# Entries supplied:
========
(* Let $d\geq 3$ and $1\leq k\leq d-2$, let $P\subset\mathbb R^d$ be a $k$-simplicial $d$-polytope with a simplex facet $S$ in bounded position, and let $\mathcal F,\mathcal N\subseteq\operatorname{adj}(S)$ be disjoint with $\mathcal F$ nonsimple. Then for every $v\in V_S(\mathcal F,\mathcal N;P)$ the polytope $\operatorname{conv}(P\cup\{v\})$ is $k$-simplicial.
   Context: A polytope is $k$-simplicial if all its $k$-dimensional faces are $k$-simplices. For a facet $F$ of a $d$-polytope $P\subset\mathbb R^d$ let $H_F=\{x:\langle x,a_F\rangle=\ell_F\}$ be its affine hull, oriented so that $P\subseteq\{x:\langle x,a_F\rangle\geq\ell_F\}$; put $H_F^+=\{x:\langle x,a_F\rangle>\ell_F\}$, $H_F^-=\{x:\langle x,a_F\rangle<\ell_F\}$. Two facets are adjacent if they share a ridge; $\operatorname{adj}(S)$ is the set of facets adjacent to $S$. A simplex facet is a facet combinatorially equivalent to a $(d-1)$-simplex. A facet $S$ is in bounded position if for every set of $d$ facets in $\operatorname{adj}(S)$ their hyperplanes intersect in a point of $H_S^-$. A subset $\mathcal F\subseteq\operatorname{adj}(S)$ is nonsimple if there is no pair of adjacent facets $G,G'\in\mathcal F$ having a common $(d-3)$-face with $S$. For disjoint $\mathcal F,\mathcal N\subseteq\operatorname{adj}(S)$, $V_S(\mathcal F,\mathcal N;P)$ is the set of points lying in $H_F^-$ for $F\in\mathcal N\cup\{S\}$, in $H_F$ for $F\in\mathcal F$, and in $H_F^+$ for all other facets $F$ of $P$. *)

theory Defs
  imports "HOL-Analysis.Analysis"
begin

definition k_simplicial :: "nat \<Rightarrow> 'a::euclidean_space set \<Rightarrow> bool" where
  "k_simplicial k P \<longleftrightarrow> (\<forall>F. F face_of P \<and> aff_dim F = int k \<longrightarrow> (int k) simplex F)"

definition facet_hyp :: "'a::euclidean_space set \<Rightarrow> 'a set" where
  "facet_hyp F = affine hull F"

definition facet_plus :: "'a::euclidean_space set \<Rightarrow> 'a set \<Rightarrow> 'a set" where
  "facet_plus P F = {x. \<exists>a l. a \<noteq> 0 \<and> affine hull F = {y. a \<bullet> y = l}
       \<and> P \<subseteq> {y. a \<bullet> y \<ge> l} \<and> a \<bullet> x > l}"

definition facet_minus :: "'a::euclidean_space set \<Rightarrow> 'a set \<Rightarrow> 'a set" where
  "facet_minus P F = {x. \<exists>a l. a \<noteq> 0 \<and> affine hull F = {y. a \<bullet> y = l}
       \<and> P \<subseteq> {y. a \<bullet> y \<ge> l} \<and> a \<bullet> x < l}"

definition adjacent_facets :: "'a::euclidean_space set \<Rightarrow> 'a set \<Rightarrow> 'a set \<Rightarrow> bool" where
  "adjacent_facets P F G \<longleftrightarrow> F facet_of P \<and> G facet_of P \<and> F \<noteq> G
     \<and> aff_dim (F \<inter> G) = aff_dim P - 2"

definition adj :: "'a::euclidean_space set \<Rightarrow> 'a set \<Rightarrow> 'a set set" where
  "adj P S = {F. adjacent_facets P S F}"

definition simplex_facet :: "'a::euclidean_space set \<Rightarrow> 'a set \<Rightarrow> bool" where
  "simplex_facet P S \<longleftrightarrow> S facet_of P \<and> (aff_dim P - 1) simplex S"

definition bounded_position :: "'a::euclidean_space set \<Rightarrow> 'a set \<Rightarrow> bool" where
  "bounded_position P S \<longleftrightarrow>
     (\<forall>G. G \<subseteq> adj P S \<and> card G = DIM('a) \<longrightarrow>
        (\<exists>p. \<Inter> (facet_hyp ` G) = {p} \<and> p \<in> facet_minus P S))"

definition nonsimple :: "'a::euclidean_space set \<Rightarrow> 'a set \<Rightarrow> 'a set set \<Rightarrow> bool" where
  "nonsimple P S FF \<longleftrightarrow> FF \<subseteq> adj P S \<and>
     \<not> (\<exists>G\<in>FF. \<exists>G'\<in>FF. adjacent_facets P G G' \<and>
          (\<exists>K. K face_of P \<and> aff_dim K = int DIM('a) - 3 \<and> K \<subseteq> G \<and> K \<subseteq> G' \<and> K \<subseteq> S))"

definition V_region :: "'a::euclidean_space set \<Rightarrow> 'a set \<Rightarrow> 'a set set \<Rightarrow> 'a set set \<Rightarrow> 'a set" where
  "V_region P S FF NN = {x.
     (\<forall>F \<in> insert S NN. x \<in> facet_minus P F) \<and>
     (\<forall>F \<in> FF. x \<in> facet_hyp F) \<and>
     (\<forall>F. F facet_of P \<and> F \<notin> insert S (NN \<union> FF) \<longrightarrow> x \<in> facet_plus P F)}"

end

theory Submission
  imports Defs
begin
lemma rectangle_in_prodG:
  assumes "\<And>l. l < m \<Longrightarrow> V l \<in> S0"
  obtains j where "PiE {..<m} V \<in> sets (prodG j m)"
proof -
  obtain j where "V ` {..<m} \<subseteq> G j"
    using incseq_finite_subset_Union[OF incseq_G, of "{..<m}" V] assms G_union by auto
  then have "PiE {..<m} V \<in> sets (prodG j m)"
    by (intro sets_PiM_I_finite) (auto simp: sets_sigma_G)
  then show thesis by (rule that)
qed

definition rectangles :: "nat \<Rightarrow> (nat \<Rightarrow> 'a) set set" where
  "rectangles m = {PiE {..<m} V | V. \<forall>l\<in>{..<m}. V l \<in> S0}"

lemma sets_prodB_rectangles: "sets (prodB m) = sigma_sets (\<Omega> m) (rectangles m)"
  unfolding sets_prodB_eq \<Omega>_def rectangles_def
  by (subst sets_PiM_sigma_rectangles) (auto simp: UNIV_in_S0)

lemma prob_space_eq_on_rectangles:
  assumes M: "prob_space M" "sets M = sets (prodB m)"
    and M': "prob_space M'" "sets M' = sets (prodB m)"
    and eq: "\<And>X. X \<in> rectangles m \<Longrightarrow> measure M X = measure M' X"
  shows "M = M'"
proof (rule measure_eqI_generator_eq[where E = "rectangles m" and \<Omega> = "\<Omega> m" and A = "\<lambda>_. \<Omega> m"])
  show "Int_stable (rectangles m)"
  proof (rule Int_stableI)
    fix X Y assume "X \<in> rectangles m" "Y \<in> rectangles m"
    then obtain V W where "X = PiE {..<m} V" "Y = PiE {..<m} W"
      "\<forall>l\<in>{..<m}. V l \<in> S0" "\<forall>l\<in>{..<m}. W l \<in> S0"
      unfolding rectangles_def by blast
    then show "X \<inter> Y \<in> rectangles m"
      unfolding rectangles_def by (intro CollectI exI[of _ "\<lambda>l. V l \<inter> W l"]) (simp add: PiE_Int S0_Int)
  qed
  show "rectangles m \<subseteq> Pow (\<Omega> m)"
    unfolding rectangles_def \<Omega>_def by (auto simp: PiE_def Pi_def)
  have "\<Omega> m \<in> rectangles m"
    unfolding rectangles_def \<Omega>_def using UNIV_in_S0 by auto
  then show "range (\<lambda>_. \<Omega> m) \<subseteq> rectangles m" by auto
  have "space M = \<Omega> m" using sets_eq_imp_space_eq[OF M(2)] by simp
  then show "emeasure M (\<Omega> m) \<noteq> \<infinity>" using prob_space.emeasure_space_1[OF M(1)] by simp
  fix X assume "X \<in> rectangles m"
  then show "emeasure M X = emeasure M' X"
    using eq[of X] M M' by (simp add: finite_measure.emeasure_eq_measure prob_space.finite_measure)
qed (use M M' sets_prodB_rectangles in auto)

definition level_sets :: "(nat \<Rightarrow> 'a) set set" where
  "level_sets = (\<Union>j. sets (prodG j N))"

lemma level_sets_common_level:
  assumes "A \<in> level_sets" "B \<in> level_sets"
  obtains j where "A \<in> sets (prodG j N)" "B \<in> sets (prodG j N)"
proof -
  obtain i j where "A \<in> sets (prodG i N)" "B \<in> sets (prodG j N)"
    using assms unfolding level_sets_def by blast
  then show thesis
    using sets_prodG_mono[of i "max i j" N] sets_prodG_mono[of j "max i j" N] that by auto
qed

lemma algebra_level_sets: "algebra (\<Omega> N) level_sets"
  unfolding algebra_iff_Un
proof (intro conjI ballI)
  show "level_sets \<subseteq> Pow (\<Omega> N)"
    unfolding level_sets_def using sets.sets_into_space by fastforce
  show "{} \<in> level_sets" unfolding level_sets_def by auto
  fix A assume A: "A \<in> level_sets"
  then show "\<Omega> N - A \<in> level_sets"
    unfolding level_sets_def using sets.compl_sets by fastforce
  fix B assume "B \<in> level_sets"
  with A obtain j where "A \<in> sets (prodG j N)" "B \<in> sets (prodG j N)"
    by (rule level_sets_common_level)
  then show "A \<union> B \<in> level_sets" unfolding level_sets_def by blast
qed

sublocale level: algebra "\<Omega> N" level_sets
  by (rule algebra_level_sets)

lemma level_sets_subset_prodB: "level_sets \<subseteq> sets (prodB N)"
  unfolding level_sets_def using sets_prodG_subset_prodB by blast

lemma rectangle_in_level_sets:
  "(\<And>l. l < N \<Longrightarrow> V l \<in> S0) \<Longrightarrow> PiE {..<N} V \<in> level_sets"
  unfolding level_sets_def by (erule rectangle_in_prodG) blast

definition Q :: "nat \<Rightarrow> (nat \<Rightarrow> 'a) measure" where
  "Q k = (SOME Q. exchangeable (sigma UNIV (G k)) N Q \<and>
     (\<forall>A \<in> sets (prodG k n). measure (Pk k) A = measure Q {x \<in> space (prodG k N). restrict x {..<n} \<in> A}))"

lemma Q: "exchangeable (sigma UNIV (G k)) N (Q k)"
  "\<And>A. A \<in> sets (prodG k n) \<Longrightarrow> measure (Pk k) A = measure (Q k) {x \<in> \<Omega> N. restrict x {..<n} \<in> A}"
  using someI_ex[of "\<lambda>Q. exchangeable (sigma UNIV (G k)) N Q \<and>
     (\<forall>A \<in> sets (prodG k n). measure (Pk k) A = measure Q {x \<in> space (prodG k N). restrict x {..<n} \<in> A})"]
    Pk_ext[of k] unfolding extendible_def Q_def[symmetric] by auto

lemma prob_space_Q: "prob_space (Q k)"
  and sets_Q: "sets (Q k) = sets (prodG k N)"
  and Q_permute: "\<pi> permutes {..<N} \<Longrightarrow> distr (Q k) (prodG k N) (\<lambda>x. \<lambda>i\<in>{..<N}. x (\<pi> i)) = Q k"
  using Q(1) unfolding exchangeable_def by auto

lemma space_Q: "space (Q k) = \<Omega> N"
  using sets_eq_imp_space_eq[OF sets_Q[of k]] by simp

lemma level_sets_eventually_in_Q:
  assumes "A \<in> level_sets"
  obtains j where "\<And>k. j \<le> k \<Longrightarrow> A \<in> sets (Q k)"
  using assms sets_prodG_mono unfolding level_sets_def sets_Q by blast

text \<open>A cluster point of the set functions \<open>A \<mapsto> Q\<^sub>k(A)\<close> in the product topology; it exists by
  Tychonoff's theorem, as they all lie in \<open>[0,1]^sets\<close>.\<close>

definition \<nu> :: "(nat \<Rightarrow> 'a) set \<Rightarrow> real" where
  "\<nu> = (SOME \<nu>. \<forall>S. closed S \<longrightarrow> (\<forall>\<^sub>F k in sequentially. (\<lambda>A. measure (Q k) A) \<in> S) \<longrightarrow> \<nu> \<in> S)"

lemma nu_in_closed:
  assumes "closed S" "\<And>k. j \<le> k \<Longrightarrow> (\<lambda>A. measure (Q k) A) \<in> S"
  shows "\<nu> \<in> S"
proof -
  have "compactin (product_topology (\<lambda>_. euclidean) UNIV) (PiE UNIV (\<lambda>_. {0..1::real}))"
    by (simp add: compactin_PiE)
  then have "compact (PiE UNIV (\<lambda>_::(nat \<Rightarrow> 'a) set. {0..1::real}))"
    by (simp add: euclidean_product_topology)
  moreover have "(\<lambda>A. measure (Q k) A) \<in> PiE UNIV (\<lambda>_. {0..1})" for k
    using prob_space.prob_le_1[OF prob_space_Q] by auto
  ultimately have "\<exists>\<nu>. \<forall>S. closed S \<longrightarrow> (\<forall>\<^sub>F k in sequentially. (\<lambda>A. measure (Q k) A) \<in> S) \<longrightarrow> \<nu> \<in> S"
    by (metis compact_sequence_cluster_point)
  from someI_ex[OF this]
  have "\<forall>S. closed S \<longrightarrow> (\<forall>\<^sub>F k in sequentially. (\<lambda>A. measure (Q k) A) \<in> S) \<longrightarrow> \<nu> \<in> S"
    unfolding \<nu>_def[symmetric] .
  with assms show ?thesis by (auto simp: eventually_sequentially)
qed

lemma nu_nonneg: "0 \<le> \<nu> A"
proof -
  have "closed {h :: (nat \<Rightarrow> 'a) set \<Rightarrow> real. 0 \<le> h A}"
    by (intro closed_Collect_le continuous_on_const continuous_on_product_coordinates)
  then have "\<nu> \<in> {h. 0 \<le> h A}" by (rule nu_in_closed) simp
  then show ?thesis by simp
qed

lemma nu_space: "\<nu> (\<Omega> N) = 1"
proof -
  have "closed {h :: (nat \<Rightarrow> 'a) set \<Rightarrow> real. h (\<Omega> N) = 1}"
    by (intro closed_Collect_eq continuous_on_const continuous_on_product_coordinates)
  then have "\<nu> \<in> {h. h (\<Omega> N) = 1}"
    by (rule nu_in_closed) (use prob_space.prob_space[OF prob_space_Q] space_Q in simp)
  then show ?thesis by simp
qed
========
# Task statement:
Word for word, restate the lines of the data above that fall between the line holding "< N \<Longrightarrow>" and the line holding "by (simp add: compactin_PiE)", inclusive, and no other lines.

# Worked solution:
  "(\<And>l. l < N \<Longrightarrow> V l \<in> S0) \<Longrightarrow> PiE {..<N} V \<in> level_sets"
  unfolding level_sets_def by (erule rectangle_in_prodG) blast

definition Q :: "nat \<Rightarrow> (nat \<Rightarrow> 'a) measure" where
  "Q k = (SOME Q. exchangeable (sigma UNIV (G k)) N Q \<and>
     (\<forall>A \<in> sets (prodG k n). measure (Pk k) A = measure Q {x \<in> space (prodG k N). restrict x {..<n} \<in> A}))"

lemma Q: "exchangeable (sigma UNIV (G k)) N (Q k)"
  "\<And>A. A \<in> sets (prodG k n) \<Longrightarrow> measure (Pk k) A = measure (Q k) {x \<in> \<Omega> N. restrict x {..<n} \<in> A}"
  using someI_ex[of "\<lambda>Q. exchangeable (sigma UNIV (G k)) N Q \<and>
     (\<forall>A \<in> sets (prodG k n). measure (Pk k) A = measure Q {x \<in> space (prodG k N). restrict x {..<n} \<in> A})"]
    Pk_ext[of k] unfolding extendible_def Q_def[symmetric] by auto

lemma prob_space_Q: "prob_space (Q k)"
  and sets_Q: "sets (Q k) = sets (prodG k N)"
  and Q_permute: "\<pi> permutes {..<N} \<Longrightarrow> distr (Q k) (prodG k N) (\<lambda>x. \<lambda>i\<in>{..<N}. x (\<pi> i)) = Q k"
  using Q(1) unfolding exchangeable_def by auto

lemma space_Q: "space (Q k) = \<Omega> N"
  using sets_eq_imp_space_eq[OF sets_Q[of k]] by simp

lemma level_sets_eventually_in_Q:
  assumes "A \<in> level_sets"
  obtains j where "\<And>k. j \<le> k \<Longrightarrow> A \<in> sets (Q k)"
  using assms sets_prodG_mono unfolding level_sets_def sets_Q by blast

text \<open>A cluster point of the set functions \<open>A \<mapsto> Q\<^sub>k(A)\<close> in the product topology; it exists by
  Tychonoff's theorem, as they all lie in \<open>[0,1]^sets\<close>.\<close>

definition \<nu> :: "(nat \<Rightarrow> 'a) set \<Rightarrow> real" where
  "\<nu> = (SOME \<nu>. \<forall>S. closed S \<longrightarrow> (\<forall>\<^sub>F k in sequentially. (\<lambda>A. measure (Q k) A) \<in> S) \<longrightarrow> \<nu> \<in> S)"

lemma nu_in_closed:
  assumes "closed S" "\<And>k. j \<le> k \<Longrightarrow> (\<lambda>A. measure (Q k) A) \<in> S"
  shows "\<nu> \<in> S"
proof -
  have "compactin (product_topology (\<lambda>_. euclidean) UNIV) (PiE UNIV (\<lambda>_. {0..1::real}))"
    by (simp add: compactin_PiE)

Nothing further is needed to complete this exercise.